Tori Capestro of Brick Memorial said she was surprised by the selection. "We have so many good athletes," she said.

"Educating younger student athletes about our roots and where we came from is important," said Rienecker, the coordinator of student development for athletes at Montclair State University. She also is president of the New Jersey Association of Intercollegiate Athletics for Women, a position she was drafted into by the athletic director at Montclair State, but one she is glad to fill.

The NJAIAW is the driving force behind the annual luncheon, which has expanded from 300 people a few years ago to the more than 900 in attendance Sunday.
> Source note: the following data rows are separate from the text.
lemma permutation_invariant_eq_q0':
  fixes S :: "nat set" and p :: "nat set \<Rightarrow> nat set \<Rightarrow> real"
  assumes "finite S"
    and nested: "\<And>A B. A \<subseteq> S \<Longrightarrow> B \<subseteq> S \<Longrightarrow> \<not> A \<subseteq> B \<Longrightarrow> p A B = 0"
    and inv: "\<And>A B \<sigma>. A \<subseteq> S \<Longrightarrow> B \<subseteq> S \<Longrightarrow> \<sigma> permutes S \<Longrightarrow> p (\<sigma> ` A) (\<sigma> ` B) = p A B"
    and "A \<subseteq> S" "B \<subseteq> S"
  shows "p A B = q0 (card S) A B *
           (\<Sum>A'\<in>subsets_of_card S (card A). \<Sum>B'\<in>subsets_of_card S (card B). p A' B')"
proof -
  have "p A B = q0 (card S) B A *
          (\<Sum>B'\<in>subsets_of_card S (card B). \<Sum>A'\<in>subsets_of_card S (card A). p A' B')"
    by (rule permutation_invariant_eq_q0[where p = "\<lambda>B A. p A B"]) (use assms in auto)
  then show ?thesis
    by (simp add: q0_commute sum.swap[where A = "subsets_of_card S (card B)"])
qed

section \<open>Telescoping the joint signature\<close>

lemma sum_tail_telescope:
  fixes f :: "nat \<Rightarrow> 'a::comm_ring_1"
  assumes "a \<le> n"
  shows "(\<Sum>k=1..n. of_bool (n - k < a) * (f (k - 1) - f k)) = f (n - a) - f n"
proof -
  have "{1..n} \<inter> {k. n - k < a} = {Suc (n - a)..n}"
    using assms by auto
  then have "(\<Sum>k=1..n. of_bool (n - k < a) * (f (k - 1) - f k)) = (\<Sum>k=Suc (n - a)..n. f (k - 1) - f k)"
    by (simp add: sum.inter_filter[symmetric])
  also have "\<dots> = - (\<Sum>k=Suc (n - a)..n. f k - f (k - 1))"
    by (simp add: sum_negf[symmetric])
  also have "\<dots> = f (n - a) - f n"
    by (subst sum_telescope'') simp_all
  finally show ?thesis .
qed

lemma sum_mixed_difference_telescope:
  fixes S :: "nat \<Rightarrow> nat \<Rightarrow> 'a::comm_ring_1"
  assumes "a \<le> n" "b \<le> n" "\<And>l. S n l = 0" "\<And>k. S k n = 0"
  shows "(\<Sum>k=1..n. \<Sum>l=1..n. (S (k - 1) (l - 1) - S k (l - 1) - S (k - 1) l + S k l)
            * (of_bool (n - k < a) * of_bool (n - l < b))) = S (n - a) (n - b)"
proof -
  have inner: "(\<Sum>l=1..n. (S (k - 1) (l - 1) - S k (l - 1) - S (k - 1) l + S k l)
            * (of_bool (n - k < a) * of_bool (n - l < b)))
      = of_bool (n - k < a) * ((S (k - 1) (n - b) - S k (n - b)) - (S (k - 1) n - S k n))" for k
    using sum_tail_telescope[OF assms(2), of "\<lambda>l. S (k - 1) l - S k l"]
    by (simp add: sum_distrib_left algebra_simps)
  show ?thesis
    unfolding inner using sum_tail_telescope[OF assms(1), of "\<lambda>k. S k (n - b) - S k n"] assms(3,4)
    by (simp add: algebra_simps)
qed

lemma sum_Pow_pairs_by_card:
  fixes g :: "'a set \<Rightarrow> 'a set \<Rightarrow> 'b::comm_monoid_add"
  assumes "finite S"
  shows "(\<Sum>A\<in>Pow S. \<Sum>B\<in>Pow S. g A B) = (\<Sum>a=0..card S. \<Sum>b=0..card S.
           \<Sum>A\<in>subsets_of_card S a. \<Sum>B\<in>subsets_of_card S b. g A B)"
proof -
  have by_card: "(\<Sum>A\<in>Pow S. h A) = (\<Sum>a=0..card S. \<Sum>A\<in>subsets_of_card S a. h A)"
    for h :: "'a set \<Rightarrow> 'b"
  proof -
    have "card ` Pow S \<subseteq> {0..card S}"
      using assms by (auto intro: card_mono)
    then show ?thesis
      using sum.group[of "Pow S" "{0..card S}" card h] assms by simp
  qed
  show ?thesis
    by (simp add: by_card sum.swap[where A = "subsets_of_card S _" and B = "{0..card S}"])
qed

lemma Sbar_eq_sum_joint_sig:
  assumes "\<not> \<phi>1 {}" "\<not> \<phi>2 {}" "a \<le> n" "b \<le> n"
  shows "Sbar n \<phi>1 \<phi>2 (n - a) (n - b)
       = (\<Sum>k=1..n. \<Sum>l=1..n. joint_sig n \<phi>1 \<phi>2 k l * (of_bool (n - k < a) * of_bool (n - l < b)))"
proof -
  have "card A = 0 \<longleftrightarrow> A = {}" if "A \<subseteq> {1..n}" for A :: "nat set"
    using that by (meson card_0_eq finite_atLeastAtMost finite_subset)
  then have "subsets_of_card {1..n} 0 = {{}}"
    by auto
  then have "Sbar n \<phi>1 \<phi>2 n l = 0" "Sbar n \<phi>1 \<phi>2 k n = 0" for k l
    using assms(1,2) by (simp_all add: Sbar_def)
  then show ?thesis
    unfolding joint_sig_def by (rule sum_mixed_difference_telescope[symmetric, OF assms(3,4)])
qed

lemma sum_subsets_of_card_structures_eq_Sbar:
  fixes p :: "nat set \<Rightarrow> nat set \<Rightarrow> real"
  assumes p: "\<And>A B. A \<subseteq> {1..n} \<Longrightarrow> B \<subseteq> {1..n} \<Longrightarrow> p A B = q0 n A B *
              (\<Sum>A'\<in>subsets_of_card {1..n} (card A). \<Sum>B'\<in>subsets_of_card {1..n} (card B). p A' B')"
    and "a \<le> n" "b \<le> n"
  shows "(\<Sum>A\<in>subsets_of_card {1..n} a. \<Sum>B\<in>subsets_of_card {1..n} b. of_bool (\<phi>1 A \<and> \<phi>2 B) * p A B)
       = (\<Sum>A\<in>subsets_of_card {1..n} a. \<Sum>B\<in>subsets_of_card {1..n} b. p A B) * Sbar n \<phi>1 \<phi>2 (n - a) (n - b)"
    (is "_ = ?\<pi> * _")
proof -
  have "(\<Sum>A\<in>subsets_of_card {1..n} a. \<Sum>B\<in>subsets_of_card {1..n} b. of_bool (\<phi>1 A \<and> \<phi>2 B) * p A B)
      = (\<Sum>A\<in>subsets_of_card {1..n} a. \<Sum>B\<in>subsets_of_card {1..n} b.
           ?\<pi> * (q0 n A B * of_bool (\<phi>1 A) * of_bool (\<phi>2 B)))"
    by (intro sum.cong refl) (auto simp: p)
  also have "\<dots> = ?\<pi> * Sbar n \<phi>1 \<phi>2 (n - a) (n - b)"
    unfolding Sbar_def using assms(2,3) by (simp only: diff_diff_cancel sum_distrib_left)
  finally show ?thesis .
qed

lemma joint_signature_expansion:
  fixes p :: "nat set \<Rightarrow> nat set \<Rightarrow> real"
  assumes "\<not> \<phi>1 {}" "\<not> \<phi>2 {}"
    and p: "\<And>A B. A \<subseteq> {1..n} \<Longrightarrow> B \<subseteq> {1..n} \<Longrightarrow> p A B = q0 n A B *
              (\<Sum>A'\<in>subsets_of_card {1..n} (card A). \<Sum>B'\<in>subsets_of_card {1..n} (card B). p A' B')"
  shows "(\<Sum>A\<in>Pow {1..n}. \<Sum>B\<in>Pow {1..n}. of_bool (\<phi>1 A \<and> \<phi>2 B) * p A B)
       = (\<Sum>k=1..n. \<Sum>l=1..n. joint_sig n \<phi>1 \<phi>2 k l *
            (\<Sum>A\<in>Pow {1..n}. \<Sum>B\<in>Pow {1..n}. of_bool (n - k < card A \<and> n - l < card B) * p A B))"
proof -
  have regroup: "(\<Sum>A\<in>Pow {1..n}. \<Sum>B\<in>Pow {1..n}. g A B) = (\<Sum>a=0..n. \<Sum>b=0..n.
      \<Sum>A\<in>subsets_of_card {1..n} a. \<Sum>B\<in>subsets_of_card {1..n} b. g A B)" for g :: "_ \<Rightarrow> _ \<Rightarrow> real"
    using sum_Pow_pairs_by_card[of "{1..n}" g] by simp
  define \<pi> where "\<pi> a b = (\<Sum>A\<in>subsets_of_card {1..n} a. \<Sum>B\<in>subsets_of_card {1..n} b. p A B)" for a b
  have "(\<Sum>A\<in>Pow {1..n}. \<Sum>B\<in>Pow {1..n}. of_bool (\<phi>1 A \<and> \<phi>2 B) * p A B)
      = (\<Sum>a=0..n. \<Sum>b=0..n. \<pi> a b * Sbar n \<phi>1 \<phi>2 (n - a) (n - b))"
    unfolding regroup \<pi>_def using sum_subsets_of_card_structures_eq_Sbar[OF p]
    by (intro sum.cong refl) simp
  also have "\<dots> = (\<Sum>a=0..n. \<Sum>b=0..n. \<Sum>k=1..n. \<Sum>l=1..n.
                   joint_sig n \<phi>1 \<phi>2 k l * (of_bool (n - k < a) * of_bool (n - l < b) * \<pi> a b))"
    by (intro sum.cong refl) (simp add: Sbar_eq_sum_joint_sig assms(1,2) sum_distrib_left mult_ac)
  also have "\<dots> = (\<Sum>k=1..n. \<Sum>l=1..n. joint_sig n \<phi>1 \<phi>2 k l *
                   (\<Sum>a=0..n. \<Sum>b=0..n. of_bool (n - k < a) * of_bool (n - l < b) * \<pi> a b))"
    by (simp only: sum_distrib_left sum.swap[of _ "{0..n}" "{1..n}"])
  also have "\<dots> = (\<Sum>k=1..n. \<Sum>l=1..n. joint_sig n \<phi>1 \<phi>2 k l *
            (\<Sum>A\<in>Pow {1..n}. \<Sum>B\<in>Pow {1..n}. of_bool (n - k < card A \<and> n - l < card B) * p A B))"
    unfolding regroup \<pi>_def sum_distrib_left by (intro sum.cong refl) auto
  finally show ?thesis .
qed

section \<open>State sets, system lifetimes and order statistics\<close>

lemma alive_subset: "alive n T t \<omega> \<subseteq> {1..n}"
  unfolding alive_def by auto

lemma alive_antimono: "t \<le> s \<Longrightarrow> alive n T s \<omega> \<subseteq> alive n T t \<omega>"
  unfolding alive_def by auto

lemma alive_right_locally_constant: "\<exists>s>t. alive n T s \<omega> = alive n T t \<omega>"
proof -
  define m where "m = Min (insert (t + 1) ((\<lambda>j. T j \<omega>) ` alive n T t \<omega>))"
  have fin: "finite (alive n T t \<omega>)"
    using alive_subset finite_subset by (metis finite_atLeastAtMost)
  then have "t < m"
    unfolding m_def by (simp add: alive_def)
  moreover have "m \<le> T j \<omega>" if "j \<in> alive n T t \<omega>" for j
    unfolding m_def using Min_le[OF _ insertI2[OF imageI[OF that]]] fin by simp
  ultimately have "alive n T ((t + m) / 2) \<omega> = alive n T t \<omega>"
    unfolding alive_def by fastforce
  with \<open>t < m\<close> show ?thesis
    by (intro exI[of _ "(t + m) / 2"]) simp
qed

lemma less_sys_lifetime_iff:
  assumes "semicoherent n \<phi>"
  shows "t < sys_lifetime n \<phi> T \<omega> \<longleftrightarrow> \<phi> (alive n T t \<omega>)"
proof -
  let ?X = "{s. \<phi> (alive n T s \<omega>)}"
  have mono: "\<phi> B" if "\<phi> A" "A \<subseteq> B" "B \<subseteq> {1..n}" for A B
    using assms that unfolding semicoherent_def by metis
  have "\<not> \<phi> {}" "\<phi> {1..n}"
    using assms unfolding semicoherent_def by simp_all
  define l where "l = Min ((\<lambda>j. T j \<omega>) ` {1..n}) - 1"
  have "l < T j \<omega>" if "j \<in> {1..n}" for j
    using Min_le[OF _ imageI[OF that], of "\<lambda>j. T j \<omega>"] unfolding l_def by simp
  then have "alive n T l \<omega> = {1..n}"
    unfolding alive_def by auto
  then have "?X \<noteq> {}"
    using \<open>\<phi> {1..n}\<close> by (metis empty_iff mem_Collect_eq)
  moreover have "bdd_above ?X"
  proof
    fix s assume "s \<in> ?X"
    then obtain j where "j \<in> {1..n}" "s < T j \<omega>"
      using \<open>\<not> \<phi> {}\<close> unfolding alive_def by (metis (no_types, lifting) Collect_empty_eq mem_Collect_eq)
    moreover have "T j \<omega> \<le> Max ((\<lambda>j. T j \<omega>) ` {1..n})"
      using Max_ge[OF _ imageI[OF \<open>j \<in> {1..n}\<close>]] by simp
    ultimately show "s \<le> Max ((\<lambda>j. T j \<omega>) ` {1..n})"
      by linarith
  qed
  moreover have "\<phi> (alive n T t \<omega>)" if "s \<in> ?X" "t \<le> s" for s
    using mono[OF _ alive_antimono alive_subset] that by simp
  ultimately show ?thesis
    unfolding sys_lifetime_def less_cSup_iff[OF \<open>?X \<noteq> {}\<close> \<open>bdd_above ?X\<close>]
    using alive_right_locally_constant[of t n T \<omega>] by (metis le_less mem_Collect_eq)
qed

lemma less_sorted_nth_iff:
  fixes ys :: "'a::linorder list"
  assumes "sorted ys" "k < length ys"
  shows "t < ys ! k \<longleftrightarrow> length ys - k \<le> length (filter (\<lambda>x. t < x) ys)"
proof -
  let ?I = "{i. i < length ys \<and> t < ys ! i}"
  have count: "length (filter (\<lambda>x. t < x) ys) = card ?I"
    by (rule length_filter_conv_card)
  show ?thesis
  proof
    assume "t < ys ! k"
    have "{k..<length ys} \<subseteq> ?I"
    proof
      fix i assume "i \<in> {k..<length ys}"
      then have "i < length ys" "ys ! k \<le> ys ! i"
        using sorted_nth_mono[OF assms(1)] by simp_all
      with \<open>t < ys ! k\<close> show "i \<in> ?I"
        by simp
    qed
    then have "card {k..<length ys} \<le> card ?I"
      by (intro card_mono) simp_all
    then show "length ys - k \<le> length (filter (\<lambda>x. t < x) ys)"
      unfolding count by simp
  next
    assume le: "length ys - k \<le> length (filter (\<lambda>x. t < x) ys)"
    show "t < ys ! k"
    proof (rule ccontr)
      assume "\<not> t < ys ! k"
      have "?I \<subseteq> {Suc k..<length ys}"
      proof
        fix i assume "i \<in> ?I"
        moreover have "ys ! i \<le> ys ! k" if "i \<le> k"
          using sorted_nth_mono[OF assms(1) that assms(2)] .
        ultimately show "i \<in> {Suc k..<length ys}"
          using \<open>\<not> t < ys ! k\<close> by (auto simp: Suc_le_eq not_le[symmetric])
      qed
      then have "card ?I \<le> length ys - Suc k"
        using card_mono[of "{Suc k..<length ys}" ?I] by simp
      then show False
        using le assms(2) unfolding count by simp
    qed
  qed
qed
It is supported by the Garden State Athletic Conference, the New Jersey Association for Health, Physical Education, Recreation and Dance and Seton Hall University, which has hosted the event for at least three years.

"It's important for these young women to know how these opportunities came to be," she said, not only for them, but for the generations making their way up the sports ranks these days, including her own daughters.

"Title IX does not give you a free pass," Munch told the athletes. "It opens the door. You have to do the work and you have to work hard."

The following local athletes were honored at the event:

  • Meghan Kelly of Fairleigh Dickenson University-Metro, a Howell High School graduate and bowling team member;
  • Alex Okuniewicz of The College of New Jersey, a Toms River High School South graduate and field hockey player;
  • Elizabeth Lawler of Ocean County College, a Lacey graduate who plays basketball and soccer;
  • Tori Capestro, Brick Memorial, soccer and basketball; Krissy Pike, Brick Township, field hockey, basketball and lacrosse; Chelsea James, Howell, soccer and basketball; Brittany Martino, Lacey, field hockey and softball; Julia Zambrano, Long Branch, field hockey and lacrosse; Carly Davenport, Monsignor Donovan, soccer and basketball; Diana Malanga, St. Rose, soccer and basketball; Chelsey Henderson, Shore Regional, soccer and lacrosse; Samantha Manson, Wall, soccer, bowling and track and field.

DeGraw-Cole noted every member school of the NJSIAA is invited to choose an athlete to be honored. Though the event's organizers continue to look for sponsors, for now schools and attendees are asked to pay for their nominees to pay for the luncheon, which may be deterring participation. She hopes the event will be sponsored in such a way that the athletes and their parents will be able to attend at no cost, she said.

"We are pleased to see so many schools participating," she said. "It's nice (for these young women) to be recognized among their peers in a setting like this."